BUFFALO, N.Y. – The U.S. Food and Drug Administration’s long-awaited ruling Thursday establishing new regulations for e-cigarettes and other tobacco products will help better inform consumers, but there is a down side, according to University at Buffalo tobacco expert Gary Giovino.

“There is concern that these regulations will put e-cigarettes back under the control of the multinational tobacco corporations. That could be a bad thing, because by giving control to the big companies, they will promote the most profitable products – likely combusted cigarettes,” said Giovino, professor and chair of community health and health behavior at UB.

“I think the new regulations will pose problems for smaller businesses that make e-cigarettes. These companies likely will not have the resources to deliver all the information the FDA is asking for. This could stifle innovation and hurt public health in the long run, to the extent that innovative e-cigarette products will help people move off of combusted tobacco products,” added Giovino, who in 2012 led the world’s largest tobacco use study, which surveyed more than 435,000 respondents representing 3 billion people from 16 countries.
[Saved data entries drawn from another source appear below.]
lemma num_radius_outer_le:
  fixes y u :: "complex^'n::finite"
  shows "num_radius (outer y u) \<le> norm y * norm u"
proof (rule num_radius_least)
  fix v :: "complex^'n" assume "norm v = 1"
  have "cmod (cinner v (outer y u *v v)) = cmod (cinner u v) * cmod (cinner v y)"
    by (simp add: outer_mv cinner_scale_right norm_mult)
  also have "\<dots> \<le> (norm u * norm v) * (norm v * norm y)"
    by (intro mult_mono cinner_cauchy_schwarz) auto
  finally show "cmod (cinner v (outer y u *v v)) \<le> norm y * norm u"
    using \<open>norm v = 1\<close> by (simp add: mult.commute)
qed

text \<open>Polarization: with \<open>q(c) = \<langle>x + c y, X(x + c y)\<rangle>\<close> one has
  \<open>4\<langle>x, X y\<rangle> = q(1) - q(-1) - \<i> q(\<i>) + \<i> q(-\<i>)\<close>, and \<open>|q(c)| \<le> 4 \<omega>(X)\<close> when \<open>|c| = 1\<close>.\<close>

lemma num_radius_polarization:
  assumes "norm x = 1" "norm y = 1"
  shows "cmod (cinner x (X *v y)) \<le> 4 * num_radius X"
proof -
  define q where "q c = cinner (x + c *s y) (X *v (x + c *s y))" for c
  have q: "q c = cinner x (X *v x) + c * cinner x (X *v y) + cnj c * cinner y (X *v x)
                 + cnj c * c * cinner y (X *v y)" for c
    by (simp add: q_def matrix_vector_right_distrib mv_cscale cinner_add_left cinner_add_right
        cinner_scale_left cinner_scale_right distrib_left mult.assoc)
  have q_le: "cmod (q c) \<le> 4 * num_radius X" if "cmod c = 1" for c
  proof -
    have "norm (x + c *s y) \<le> 2"
      using norm_triangle_ineq[of x "c *s y"] assms that by (simp add: norm_cscale)
    hence "(norm (x + c *s y))\<^sup>2 \<le> 2\<^sup>2" by (rule power_mono) simp
    hence "num_radius X * (norm (x + c *s y))\<^sup>2 \<le> num_radius X * 4"
      using num_radius_nonneg by (intro mult_left_mono) auto
    thus ?thesis
      using quadratic_form_le_num_radius[of "x + c *s y" X] unfolding q_def by simp
  qed
  have "4 * cinner x (X *v y) = q 1 - q (-1) - \<i> * q \<i> + \<i> * q (-\<i>)"
    unfolding q by (simp add: algebra_simps)
  moreover have "cmod (a - b - \<i> * c + \<i> * d) \<le> cmod a + cmod b + cmod c + cmod d"
    for a b c d :: complex
  proof -
    have "cmod (a - b - \<i> * c + \<i> * d) \<le> cmod (a - b - \<i> * c) + cmod (\<i> * d)"
      by (rule norm_triangle_ineq)
    also have "\<dots> \<le> cmod (a - b) + cmod (\<i> * c) + cmod (\<i> * d)"
      using norm_triangle_ineq4[of "a - b" "\<i> * c"] by simp
    also have "\<dots> \<le> cmod a + cmod b + cmod c + cmod d"
      using norm_triangle_ineq4[of a b] by (simp add: norm_mult)
    finally show ?thesis .
  qed
  ultimately have "4 * cmod (cinner x (X *v y)) \<le> cmod (q 1) + cmod (q (-1)) + cmod (q \<i>) + cmod (q (-\<i>))"
    by (metis norm_mult norm_numeral)
  also have "\<dots> \<le> 16 * num_radius X"
    using q_le[of 1] q_le[of "-1"] q_le[of \<i>] q_le[of "-\<i>"] by simp
  finally show ?thesis by simp
qed
(* Let $(M^{2m},g,I,J)$ be a generalized Kähler manifold with $\det(I+J)\neq0$ everywhere, and let $b:=-g(I+J)^{-1}(I-J)$, i.e. $b(X,Y)=-g((I+J)^{-1}(I-J)X,Y)$, which is a 2-form of type $(2,0)+(0,2)$ with respect to both $I$ and $J$. Then for every vector $X$, $$d\big(\log\det(I+J)\big)(X)=-2\langle b,\iota_XH\rangle_g,$$ where $H=d^c_I\omega_I$.
   Context: Conventions: $\omega_I(X,Y):=g(IX,Y)$, $d^c_I:=\sqrt{-1}(\bar\partial_I-\partial_I)$. A generalized Kähler structure $(g,I,J)$: integrable $I,J$, $g$ Hermitian for both, with $d^c_I\omega_I=H=-d^c_J\omega_J$ and $dH=0$. The inner product on 2-forms is the standard one induced by $g$ (for which $e^i\wedge e^j$, $i<j$, are orthonormal for a $g$-orthonormal coframe). *)

theory Defs
  imports "HOL-Analysis.Analysis"
begin

text \<open>Local (chart) model: an open set U in R^n, n = CARD('n). Tensor fields are
  functions on U; g, I, J are matrix-valued. Vectors X are tangent vectors at a point.\<close>

fun Ck_on :: "nat \<Rightarrow> 'a::euclidean_space set \<Rightarrow> ('a \<Rightarrow> 'b::euclidean_space) \<Rightarrow> bool" where
  "Ck_on 0 U f = continuous_on U f"
| "Ck_on (Suc k) U f =
     (f differentiable_on U \<and> (\<forall>v. Ck_on k U (\<lambda>x. frechet_derivative f (at x) v)))"

definition smooth_on :: "'a::euclidean_space set \<Rightarrow> ('a \<Rightarrow> 'b::euclidean_space) \<Rightarrow> bool" where
  "smooth_on U f \<longleftrightarrow> (\<forall>k. Ck_on k U f)"

definition Dir :: "('a::real_normed_vector \<Rightarrow> 'b::real_normed_vector) \<Rightarrow> 'a \<Rightarrow> 'a \<Rightarrow> 'b" where
  "Dir f x v = frechet_derivative f (at x) v"

definition gmet :: "real^('n::finite)^'n \<Rightarrow> real^'n \<Rightarrow> real^'n \<Rightarrow> real" where
  "gmet G X Y = X \<bullet> (G *v Y)"

definition riem_metric_at :: "real^('n::finite)^'n \<Rightarrow> bool" where
  "riem_metric_at G \<longleftrightarrow> transpose G = G \<and> (\<forall>X. X \<noteq> 0 \<longrightarrow> gmet G X X > 0)"

definition almost_complex_at :: "real^('n::finite)^'n \<Rightarrow> bool" where
  "almost_complex_at I \<longleftrightarrow> I ** I = - mat 1"

definition hermitian_at :: "real^('n::finite)^'n \<Rightarrow> real^'n^'n \<Rightarrow> bool" where
  "hermitian_at G I \<longleftrightarrow> (\<forall>X Y. gmet G (I *v X) (I *v Y) = gmet G X Y)"

definition lie_bracket :: "(real^('n::finite) \<Rightarrow> real^'n) \<Rightarrow> (real^'n \<Rightarrow> real^'n) \<Rightarrow> real^'n \<Rightarrow> real^'n" where
  "lie_bracket X Y x = Dir Y x (X x) - Dir X x (Y x)"

definition nijenhuis :: "(real^('n::finite) \<Rightarrow> real^'n^'n) \<Rightarrow> (real^'n \<Rightarrow> real^'n) \<Rightarrow> (real^'n \<Rightarrow> real^'n)
    \<Rightarrow> real^'n \<Rightarrow> real^'n" where
  "nijenhuis I X Y x =
     (let IX = (\<lambda>p. I p *v X p); IY = (\<lambda>p. I p *v Y p) in
       lie_bracket IX IY x - I x *v lie_bracket IX Y x - I x *v lie_bracket X IY x
       - lie_bracket X Y x)"

definition cx_integrable_on :: "(real^('n::finite)) set \<Rightarrow> (real^'n \<Rightarrow> real^'n^'n) \<Rightarrow> bool" where
  "cx_integrable_on U I \<longleftrightarrow>
     (\<forall>X Y. smooth_on U X \<longrightarrow> smooth_on U Y \<longrightarrow> (\<forall>x\<in>U. nijenhuis I X Y x = 0))"

type_synonym 'n form2 = "real^'n \<Rightarrow> real^'n \<Rightarrow> real^'n \<Rightarrow> real"
type_synonym 'n form3 = "real^'n \<Rightarrow> real^'n \<Rightarrow> real^'n \<Rightarrow> real^'n \<Rightarrow> real"

text \<open>Exterior derivative in flat coordinates (constant vector fields commute).\<close>
definition ext_d2 :: "('n::finite) form2 \<Rightarrow> 'n form3" where
  "ext_d2 \<alpha> x X Y Z =
     Dir (\<lambda>p. \<alpha> p Y Z) x X - Dir (\<lambda>p. \<alpha> p X Z) x Y + Dir (\<lambda>p. \<alpha> p X Y) x Z"

definition ext_d3 :: "('n::finite) form3 \<Rightarrow> real^'n \<Rightarrow> real^'n \<Rightarrow> real^'n \<Rightarrow> real^'n \<Rightarrow> real^'n \<Rightarrow> real" where
  "ext_d3 \<beta> x W X Y Z =
     Dir (\<lambda>p. \<beta> p X Y Z) x W - Dir (\<lambda>p. \<beta> p W Y Z) x X
   + Dir (\<lambda>p. \<beta> p W X Z) x Y - Dir (\<lambda>p. \<beta> p W X Y) x Z"

definition kform :: "(real^('n::finite) \<Rightarrow> real^'n^'n) \<Rightarrow> (real^'n \<Rightarrow> real^'n^'n) \<Rightarrow> 'n form2" where
  "kform g I x X Y = gmet (g x) (I x *v X) Y"

text \<open>d^c_I = sqrt(-1)(dbar - d) written in real form as I^{-1} d I, where I acts on
  k-forms by (I a)(X_1,..,X_k) = a(I X_1,..,I X_k). On a 2-form a (so d a is a 3-form and
  I^{-1} = -I on 3-forms):  d^c a (X,Y,Z) = - d(I a)(IX,IY,IZ).\<close>
definition dc2 :: "(real^('n::finite) \<Rightarrow> real^'n^'n) \<Rightarrow> 'n form2 \<Rightarrow> 'n form3" where
  "dc2 I \<alpha> x X Y Z =
     - ext_d2 (\<lambda>p U V. \<alpha> p (I p *v U) (I p *v V)) x (I x *v X) (I x *v Y) (I x *v Z)"

definition gen_kahler_on ::
  "(real^('n::finite)) set \<Rightarrow> (real^'n \<Rightarrow> real^'n^'n) \<Rightarrow> (real^'n \<Rightarrow> real^'n^'n) \<Rightarrow> (real^'n \<Rightarrow> real^'n^'n) \<Rightarrow> bool" where
  "gen_kahler_on U g I J \<longleftrightarrow>
     open U \<and> smooth_on U g \<and> smooth_on U I \<and> smooth_on U J \<and>
     (\<forall>x\<in>U. riem_metric_at (g x) \<and> almost_complex_at (I x) \<and> almost_complex_at (J x)
            \<and> hermitian_at (g x) (I x) \<and> hermitian_at (g x) (J x)) \<and>
     cx_integrable_on U I \<and> cx_integrable_on U J \<and>
     (\<forall>x\<in>U. \<forall>X Y Z. dc2 I (kform g I) x X Y Z = - dc2 J (kform g J) x X Y Z) \<and>
     (\<forall>x\<in>U. \<forall>W X Y Z. ext_d3 (dc2 I (kform g I)) x W X Y Z = 0)"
The FDA’s new regulations bar the sale of e-cigarettes to anyone under age 18. They also require manufacturers whose products went on sale after Feb. 15, 2007, to obtain FDA approval in order to continue selling their products. The agency’s regulations extend to cigars, hookah tobacco and pipe tobacco, in addition to e-cigarettes, all of which were previously unregulated by the FDA.

“The free-market system relies on a fully informed consumer, and in the case of tobacco there has been an enormous market failure in that regard, which has cost millions of lives in the United States alone,” said Giovino, who previously served as chief of the epidemiology branch of the Centers for Disease Control and Prevention Office on Smoking and Health.

“By asserting jurisdiction over multiple tobacco products not covered in the original Tobacco Control Act, the FDA has the potential to correct, to some extent at least, that market failure. Time will tell how well it does that,” he added.